Stored data:
....

text \<open>Membership of L in the cell with data (dv, P, m): dv v = d_v, P e the ordered
  partition of d_e on edge e (the empty list meaning that e carries no partition),
  m e = m_e.\<close>

definition in_cell :: "('v, 'e, 'z) mgraph_scheme \<Rightarrow> (('v, 'e) point \<Rightarrow> int) \<Rightarrow>
    ('v \<Rightarrow> nat) \<Rightarrow> ('e \<Rightarrow> nat list) \<Rightarrow> ('e \<Rightarrow> int) \<Rightarrow> (('v, 'e) point \<Rightarrow> int) \<Rightarrow> bool" where
  "in_cell G D dv P m L \<longleftrightarrow> L \<in> linsys G D \<and>
     (\<forall>v\<in>verts G. L (Vx v) = int (dv v)) \<and>
     (\<forall>e\<in>edges G. (\<forall>i<length (P e). P e ! i > 0) \<and>
        (\<exists>xs::real list. length xs = length (P e) \<and> sorted_wrt (<) xs \<and>
           (\<forall>x\<in>set xs. 0 < x \<and> x < len G e) \<and>
           (\<forall>t. 0 < t \<and> t < len G e \<longrightarrow>
              L (Ed e t) = (\<Sum>i<length xs. if xs ! i = t then int (P e ! i) else 0)))) \<and>
     (\<forall>f\<in>RD G D. (\<forall>x. real_of_int (L x) = real_of_int (D x) + prin G f x) \<longrightarrow>
        (\<forall>e\<in>edges G. rslope (edge_fun G f e) 0 = of_int (m e)))"

definition cell :: "('v, 'e, 'z) mgraph_scheme \<Rightarrow> (('v, 'e) point \<Rightarrow> int) \<Rightarrow>
    ('v \<Rightarrow> nat) \<Rightarrow> ('e \<Rightarrow> nat list) \<Rightarrow> ('e \<Rightarrow> int) \<Rightarrow> (('v, 'e) point \<Rightarrow> int) set" where
  "cell G D dv P m = {L. in_cell G D dv P m L}"

definition cells :: "('v, 'e, 'z) mgraph_scheme \<Rightarrow> (('v, 'e) point \<Rightarrow> int) \<Rightarrow>
    (('v, 'e) point \<Rightarrow> int) set set" where
  "cells G D = {cell G D dv P m | dv P m. cell G D dv P m \<noteq> {}}"

end

theory Submission
  imports Defs
begin

text \<open>Let \<open>f \<in> R(D)\<close>. Since \<open>D\<close> vanishes inside the edges, \<open>(f) \<ge> 0\<close> there, so \<open>f\<close> is convex
  along every edge. Summing \<open>D + (f) \<ge> 0\<close> over an upper level set of \<open>f\<close> on the vertices then
  bounds every outgoing slope at a vertex by \<open>deg D\<close>. Consequently the jumps of \<open>f\<close> inside an
  edge add up to at most \<open>2 deg D\<close>, and \<open>D + (f)\<close> is bounded at the vertices, so only finitely
  many cell data \<open>(d_v, d_e^i, m_e)\<close> occur; data outside \<open>V\<close> and \<open>E\<close> do not affect a cell.\<close>


lemma rslope_eq_if_linear_on:
  assumes "a \<le> t" "t < b" and "\<And>x. x \<in> {a..b} \<Longrightarrow> g x = g a + c * (x - a)"
  shows "rslope g t = c"
  unfolding rslope_def
proof (rule tendsto_Lim[OF trivial_limit_at_right_real], rule tendsto_eventually)
  show "\<forall>\<^sub>F h in at_right 0. (g (t + h) - g t) / h = c"
    unfolding eventually_at_right_field
  proof (intro exI[of _ "b - t"] conjI allI impI)
    fix h :: real assume h: "0 < h" "h < b - t"
    have "g (t + h) = g a + c * (t + h - a)" "g t = g a + c * (t - a)"
      using assms(3)[of "t + h"] assms(3)[of t] assms(1,2) h by auto
    then have "g (t + h) - g t = c * h" by (simp add: algebra_simps)
    then show "(g (t + h) - g t) / h = c" using h by simp
  qed (use assms in auto)
qed

lemma lslope_eq_if_linear_on:
  assumes "a < t" "t \<le> b" and "\<And>x. x \<in> {a..b} \<Longrightarrow> g x = g a + c * (x - a)"
  shows "lslope g t = c"
  unfolding lslope_def
proof (rule tendsto_Lim[OF trivial_limit_at_left_real], rule tendsto_eventually)
  show "\<forall>\<^sub>F h in at_left 0. (g (t + h) - g t) / h = c"
    unfolding eventually_at_left_field
  proof (intro exI[of _ "a - t"] conjI allI impI)
    fix h :: real assume h: "a - t < h" "h < 0"
    have "g (t + h) = g a + c * (t + h - a)" "g t = g a + c * (t - a)"
      using assms(3)[of "t + h"] assms(3)[of t] assms(1,2) h by auto
    then have "g (t + h) - g t = c * h" by (simp add: algebra_simps)
    then show "(g (t + h) - g t) / h = c" using h by simp
  qed (use assms in auto)
qed

locale pl_partition =
  fixes g :: "real \<Rightarrow> real" and n :: nat and p :: "nat \<Rightarrow> real" and s :: "nat \<Rightarrow> int"
  assumes breakpoint_less: "i < n \<Longrightarrow> p i < p (Suc i)"
    and linear_on_piece: "i < n \<Longrightarrow> t \<in> {p i..p (Suc i)} \<Longrightarrow> g t = g (p i) + of_int (s i) * (t - p i)"

lemma pl_int_obtain_partition:
  assumes "pl_int g a b"
  obtains n p s where "p 0 = a" "p n = b" "pl_partition g n p s"
  using assms unfolding pl_int_def pl_partition_def by blast

context pl_partition
begin

lemma breakpoint_strict_mono: "i < j \<Longrightarrow> j \<le> n \<Longrightarrow> p i < p j"
proof (induction j)
  case (Suc j)
  then have "p j < p (Suc j)" by (intro breakpoint_less) simp
  with Suc show ?case by (cases "i = j") auto
qed simp

lemma breakpoint_mono: "i \<le> j \<Longrightarrow> j \<le> n \<Longrightarrow> p i \<le> p j"
  using breakpoint_strict_mono[of i j] by (cases "i = j") auto

lemma breakpoint_inj: "i \<le> n \<Longrightarrow> j \<le> n \<Longrightarrow> p i = p j \<Longrightarrow> i = j"
  using breakpoint_strict_mono[of i j] breakpoint_strict_mono[of j i]
  by (cases i j rule: linorder_cases) auto

lemma piece_containing:
  assumes "p 0 \<le> t" "t < p n"
  obtains i where "i < n" "p i \<le> t" "t < p (Suc i)"
proof -
  define i where "i = Max {i. i \<le> n \<and> p i \<le> t}"
  have fin: "finite {i. i \<le> n \<and> p i \<le> t}" by simp
  have "0 \<in> {i. i \<le> n \<and> p i \<le> t}" using assms(1) by simp
  then have i: "i \<le> n" "p i \<le> t"
    using Max_in[OF fin] unfolding i_def by blast+
  then have "i < n" using assms(2) by (cases "i = n") auto
  moreover have "t < p (Suc i)"
  proof (rule ccontr)
    assume "\<not> t < p (Suc i)"
    then have "Suc i \<in> {i. i \<le> n \<and> p i \<le> t}" using \<open>i < n\<close> by simp
    then show False using Max_ge[OF fin] unfolding i_def[symmetric] by fastforce
  qed
  ultimately show ?thesis using i that by blast
qed

lemma rslope_on_piece: "i < n \<Longrightarrow> p i \<le> t \<Longrightarrow> t < p (Suc i) \<Longrightarrow> rslope g t = s i"
  by (rule rslope_eq_if_linear_on[where a = "p i" and b = "p (Suc i)"]) (auto intro: linear_on_piece)

lemma lslope_on_piece: "i < n \<Longrightarrow> p i < t \<Longrightarrow> t \<le> p (Suc i) \<Longrightarrow> lslope g t = s i"
  by (rule lslope_eq_if_linear_on[where a = "p i" and b = "p (Suc i)"]) (auto intro: linear_on_piece)

lemma jump_at_breakpoint:
  assumes "Suc i < n"
  shows "rslope g (p (Suc i)) - lslope g (p (Suc i)) = s (Suc i) - s i"
  using assms rslope_on_piece[of "Suc i" "p (Suc i)"] lslope_on_piece[of i "p (Suc i)"]
    breakpoint_less[of "Suc i"] breakpoint_less[of i] by simp

lemma jump_eq_sum_breakpoints:
  assumes "p 0 < t" "t < p n"
  shows "rslope g t - lslope g t
    = (\<Sum>i<n - 1. if p (Suc i) = t then of_int (s (Suc i) - s i) else 0)"
proof -
  have "p 0 \<le> t" using assms(1) by simp
  then obtain i where i: "i < n" "p i \<le> t" "t < p (Suc i)"
    using assms(2) by (rule piece_containing)
  show ?thesis
  proof (cases "p i = t")
    case True
    then obtain j where j: "i = Suc j" using assms(1) by (cases i) auto
    have breakpoint_at_t: "p (Suc k) = t \<longleftrightarrow> k = j" if "k < n - 1" for k
    proof
      assume "p (Suc k) = t"
      then have "Suc k = i"
        using breakpoint_inj[of "Suc k" i] that i True by (simp add: less_diff_conv)
      then show "k = j" using j by simp
    qed (use True j in simp)
    have "(\<Sum>k<n - 1. if p (Suc k) = t then of_int (s (Suc k) - s k) else 0)
        = (\<Sum>k<n - 1. if k = j then of_int (s (Suc k) - s k) else (0::real))"
      by (rule sum.cong) (simp_all add: breakpoint_at_t)
    also have "\<dots> = of_int (s (Suc j) - s j)"
      using i j by (simp add: less_diff_conv)
    finally show ?thesis using jump_at_breakpoint[of j] i j True by simp
  next
    case False
    have "p (Suc k) \<noteq> t" if "k < n - 1" for k
    proof (cases "Suc k \<le> i")
      case True
      then show ?thesis using breakpoint_mono[of "Suc k" i] i False by simp
    next
      case False
      then show ?thesis using breakpoint_mono[of "Suc i" "Suc k"] i that by (simp add: less_diff_conv)
    qed
    then have "(\<Sum>k<n - 1. if p (Suc k) = t then of_int (s (Suc k) - s k) else 0) = (0::real)"
      by (intro sum.neutral) simp
    moreover have "rslope g t = s i" "lslope g t = s i"
      using rslope_on_piece[OF i] lslope_on_piece[of i t] i False by simp_all
    ultimately show ?thesis by simp
  qed
qed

....

Activity: In exact wording, restate the lines of the data above from the first through the one holding "linsys G D \<and>", and stop after that line.

Final answer:
text \<open>Membership of L in the cell with data (dv, P, m): dv v = d_v, P e the ordered
  partition of d_e on edge e (the empty list meaning that e carries no partition),
  m e = m_e.\<close>

definition in_cell :: "('v, 'e, 'z) mgraph_scheme \<Rightarrow> (('v, 'e) point \<Rightarrow> int) \<Rightarrow>
    ('v \<Rightarrow> nat) \<Rightarrow> ('e \<Rightarrow> nat list) \<Rightarrow> ('e \<Rightarrow> int) \<Rightarrow> (('v, 'e) point \<Rightarrow> int) \<Rightarrow> bool" where
  "in_cell G D dv P m L \<longleftrightarrow> L \<in> linsys G D \<and>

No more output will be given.